▶ **Stored data entries**

(* For every integer $q\ge2$, $S_q(q):=\sum_{l_1,l_2\in\mathbb Z}H_q(l_1,l_2,q)=0$.
   Context: $(z)_k=z(z+1)\cdots(z+k-1)$ denotes the rising factorial. For integers $l_1,l_2,k$ and $q\ge1$, \[ H_q(l_{1},l_{2},k)=\frac{(-1)^{l_1+l_2}\left(-\frac{1}{2}\right)_{l_1} \left(-\frac{1}{2}\right)_{l_2} \left(\frac{1}{2}\right)_{q-l_{1}} \left(\frac{1}{2}\right)_{q-l_{2}}}{(2q-l_{1}-l_{2}-k)!\,(l_{2}-l_{1}+k)!\,(l_{1}-l_{2}+k)!\,(l_{1}+l_{2}-k)!}, \] where Pochhammer symbols and factorials are expressed via the Gamma function, with $1/\Gamma$ vanishing at non-positive integers (so only finitely many terms are non-zero). *)

theory Defs
  imports "HOL-Analysis.Analysis"
begin

definition poch_int :: "real \<Rightarrow> int \<Rightarrow> real" where
  "poch_int a l = Gamma (a + of_int l) / Gamma a"

text \<open>Reciprocal factorial 1/n! = 1/Gamma(n+1), vanishing at negative integers n.\<close>
definition rfact :: "int \<Rightarrow> real" where
  "rfact n = rGamma (of_int n + 1)"

definition H :: "int \<Rightarrow> int \<Rightarrow> int \<Rightarrow> int \<Rightarrow> real" where
  "H q l1 l2 k =
     (-1) powi (l1 + l2) * poch_int (-1/2) l1 * poch_int (-1/2) l2
       * poch_int (1/2) (q - l1) * poch_int (1/2) (q - l2)
       * rfact (2*q - l1 - l2 - k) * rfact (l2 - l1 + k)
       * rfact (l1 - l2 + k) * rfact (l1 + l2 - k)"

end

theory Submission
  imports Defs "HOL-Computational_Algebra.Formal_Power_Series"
begin

text \<open>The reciprocal factorials kill every term with (l1, l2) off the antidiagonal
  l1 + l2 = q, 0 \<le> l1 \<le> q. On it two of them become 1/0! and the remaining factors
  split as (-1)^q d(l1) d(l2) with d(l) = (-1/2)_l (1/2)_l / (2l)!. The duplication
  formula (2l)! = 4^l l! (1/2)_l turns d(l) into binom(1/2, l) (-1/4)^l, the
  coefficients of sqrt(1 - x/4). Hence S_q(q) = 4^-q binom(1, q) by Vandermonde's
  identity, which vanishes for q \<ge> 2: the square of sqrt(1 - x/4) is linear.\<close>

lemma rfact_neg: "n < 0 \<Longrightarrow> rfact n = 0"
  unfolding rfact_def rGamma_eq_zero_iff
  by (metis add.commute nonpos_Ints_of_int of_int_1 of_int_add zle_add1_eq_le not_less)

lemma rfact_of_nat: "rfact (int n) = 1 / fact n"
proof -
  have "rfact (int n) = inverse (Gamma (1 + of_nat n))"
    unfolding rfact_def Gamma_def by (simp add: add.commute)
  then show ?thesis by (simp add: Gamma_fact divide_inverse)
qed

lemma poch_int_of_nat:
  assumes "a \<notin> \<int>\<^sub>\<le>\<^sub>0"
  shows "poch_int a (int n) = pochhammer a n"
  unfolding poch_int_def using pochhammer_Gamma[OF assms, of n] by simp

lemma pochhammer_mult_pochhammer_half_div_fact_double:
  fixes a :: "'a :: field_char_0"
  shows "pochhammer (- a) l * pochhammer (1/2) l / fact (2 * l) = (a gchoose l) * (- 1/4) ^ l"
proof -
  have "pochhammer (1/2 :: 'a) l \<noteq> 0"
  proof
    assume "pochhammer (1/2 :: 'a) l = 0"
    then obtain k where "1/2 = - (of_nat k :: 'a)"
      by (auto simp: pochhammer_eq_0_iff)
    then have "of_nat (2 * k + 1) = (0 :: 'a)"
      by (simp add: field_simps eq_neg_iff_add_eq_0)
    then show False
      by (simp only: of_nat_eq_0_iff)
  qed
  moreover have "fact (2 * l) = 4 ^ l * pochhammer (1/2) l * (fact l :: 'a)"
    by (simp add: fact_double power_mult)
  ultimately show ?thesis
    by (simp add: gbinomial_pochhammer power_minus' field_simps)
qed

lemma H_off_antidiagonal:
  assumes "\<not> (l1 + l2 = q \<and> 0 \<le> l1 \<and> l1 \<le> q)"
  shows "H q l1 l2 q = 0"
proof -
  have "2*q - l1 - l2 - q < 0 \<or> l2 - l1 + q < 0 \<or> l1 - l2 + q < 0 \<or> l1 + l2 - q < 0"
    using assms by linarith
  then show ?thesis unfolding H_def using rfact_neg by auto
qed

lemma H_on_antidiagonal:
  assumes "i \<le> n"
  shows "H (int n) (int i) (int n - int i) (int n)
    = (1/4) ^ n * ((1/2 gchoose i) * (1/2 gchoose (n - i)))"
proof -
  have not_nonpos_int: "(1/2::real) \<notin> \<int>\<^sub>\<le>\<^sub>0" "(-1/2::real) \<notin> \<int>\<^sub>\<le>\<^sub>0"
    by force+
  define d :: "nat \<Rightarrow> real" where "d l = pochhammer (-1/2) l * pochhammer (1/2) l / fact (2 * l)" for l
  have d_gchoose: "d l = (1/2 gchoose l) * (- 1/4) ^ l" for l
    using pochhammer_mult_pochhammer_half_div_fact_double[of "1/2 :: real" l] by (simp add: d_def)
  have antidiagonal_args: "int n - int i = int (n - i)" "2 * int n - int i - int (n - i) - int n = int 0"
    "int (n - i) - int i + int n = int (2 * (n - i))" "int i - int (n - i) + int n = int (2 * i)"
    "int i + int (n - i) - int n = int 0" "int n - int (n - i) = int i"
    using assms by simp_all
  have "H (int n) (int i) (int n - int i) (int n) = (-1) ^ n * (d i * d (n - i))"
    unfolding H_def antidiagonal_args d_def rfact_of_nat poch_int_of_nat[OF not_nonpos_int(1)]
      poch_int_of_nat[OF not_nonpos_int(2)]
    using assms by (simp add: power_int_of_nat mult_ac flip: of_nat_add)
  also have "\<dots> = (1/4) ^ n * ((1/2 gchoose i) * (1/2 gchoose (n - i)))"
    using assms by (simp add: d_gchoose power_add[symmetric] power_mult_distrib[symmetric])
  finally show ?thesis .
qed

lemma has_sum_supported_on_antidiagonal:
  fixes f :: "int \<Rightarrow> int \<Rightarrow> 'a :: {comm_monoid_add, topological_space}"
  assumes "\<And>l1 l2. \<not> (l1 + l2 = int n \<and> 0 \<le> l1 \<and> l1 \<le> int n) \<Longrightarrow> f l1 l2 = 0"
  shows "((\<lambda>(l1, l2). f l1 l2) has_sum (\<Sum>i\<le>n. f (int i) (int n - int i))) UNIV"
proof (rule has_sum_finite_neutralI)
  let ?antidiagonal = "(\<lambda>i. (int i, int n - int i)) ` {..n}"
  show "finite ?antidiagonal" by simp
  show "?antidiagonal \<subseteq> UNIV" by simp
  show "(\<lambda>(l1, l2). f l1 l2) x = 0" if "x \<in> UNIV - ?antidiagonal" for x
  proof -
    obtain l1 l2 where x: "x = (l1, l2)" by fastforce
    have "\<not> (l1 + l2 = int n \<and> 0 \<le> l1 \<and> l1 \<le> int n)"
    proof
      assume "l1 + l2 = int n \<and> 0 \<le> l1 \<and> l1 \<le> int n"
      then have "x \<in> ?antidiagonal"
        unfolding x by (auto intro!: image_eqI[where x = "nat l1"])
      then show False using that by simp
    qed
    then show ?thesis using assms x by simp
  qed
  show "(\<Sum>i\<le>n. f (int i) (int n - int i)) = (\<Sum>x\<in>?antidiagonal. (\<lambda>(l1, l2). f l1 l2) x)"
    by (subst sum.reindex) (auto simp: inj_on_def)
qed

theorem lemma7p4:
  fixes q :: int
  assumes "q \<ge> 2"
  shows "((\<lambda>(l1, l2). H q l1 l2 q) has_sum 0) (UNIV :: (int \<times> int) set)"
proof -
  obtain n where q: "q = int n" and "n \<ge> 2"
    using assms by (intro that[of "nat q"]) auto
  have "(\<Sum>i\<le>n. H q (int i) (q - int i) q)
      = (1/4) ^ n * (\<Sum>i\<le>n. (1/2 gchoose i) * (1/2 gchoose (n - i)))"
    unfolding q sum_distrib_left by (intro sum.cong) (simp_all add: H_on_antidiagonal)
  also have "\<dots> = (1/4) ^ n * (1 gchoose n)"
    using gbinomial_Vandermonde[of "1/2 :: real" "1/2" n] by (simp add: atLeast0AtMost)
  also have "\<dots> = 0"
    using \<open>n \<ge> 2\<close> binomial_gbinomial[of 1 n, where 'a = real] by (simp add: binomial_eq_0)
  finally have "(\<Sum>i\<le>n. H q (int i) (q - int i) q) = 0" .
  moreover have "((\<lambda>(l1, l2). H q l1 l2 q) has_sum (\<Sum>i\<le>n. H q (int i) (q - int i) q)) UNIV"
    unfolding q by (rule has_sum_supported_on_antidiagonal) (rule H_off_antidiagonal)
  ultimately show ?thesis by simp
qed

end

▶ **Problem to work on**
In the lines above, find each one with "auto" and list it.

▶ **Exercise response**
      by (auto simp: pochhammer_eq_0_iff)
  then show ?thesis unfolding H_def using rfact_neg by auto
        unfolding x by (auto intro!: image_eqI[where x = "nat l1"])
    by (subst sum.reindex) (auto simp: inj_on_def)
    using assms by (intro that[of "nat q"]) auto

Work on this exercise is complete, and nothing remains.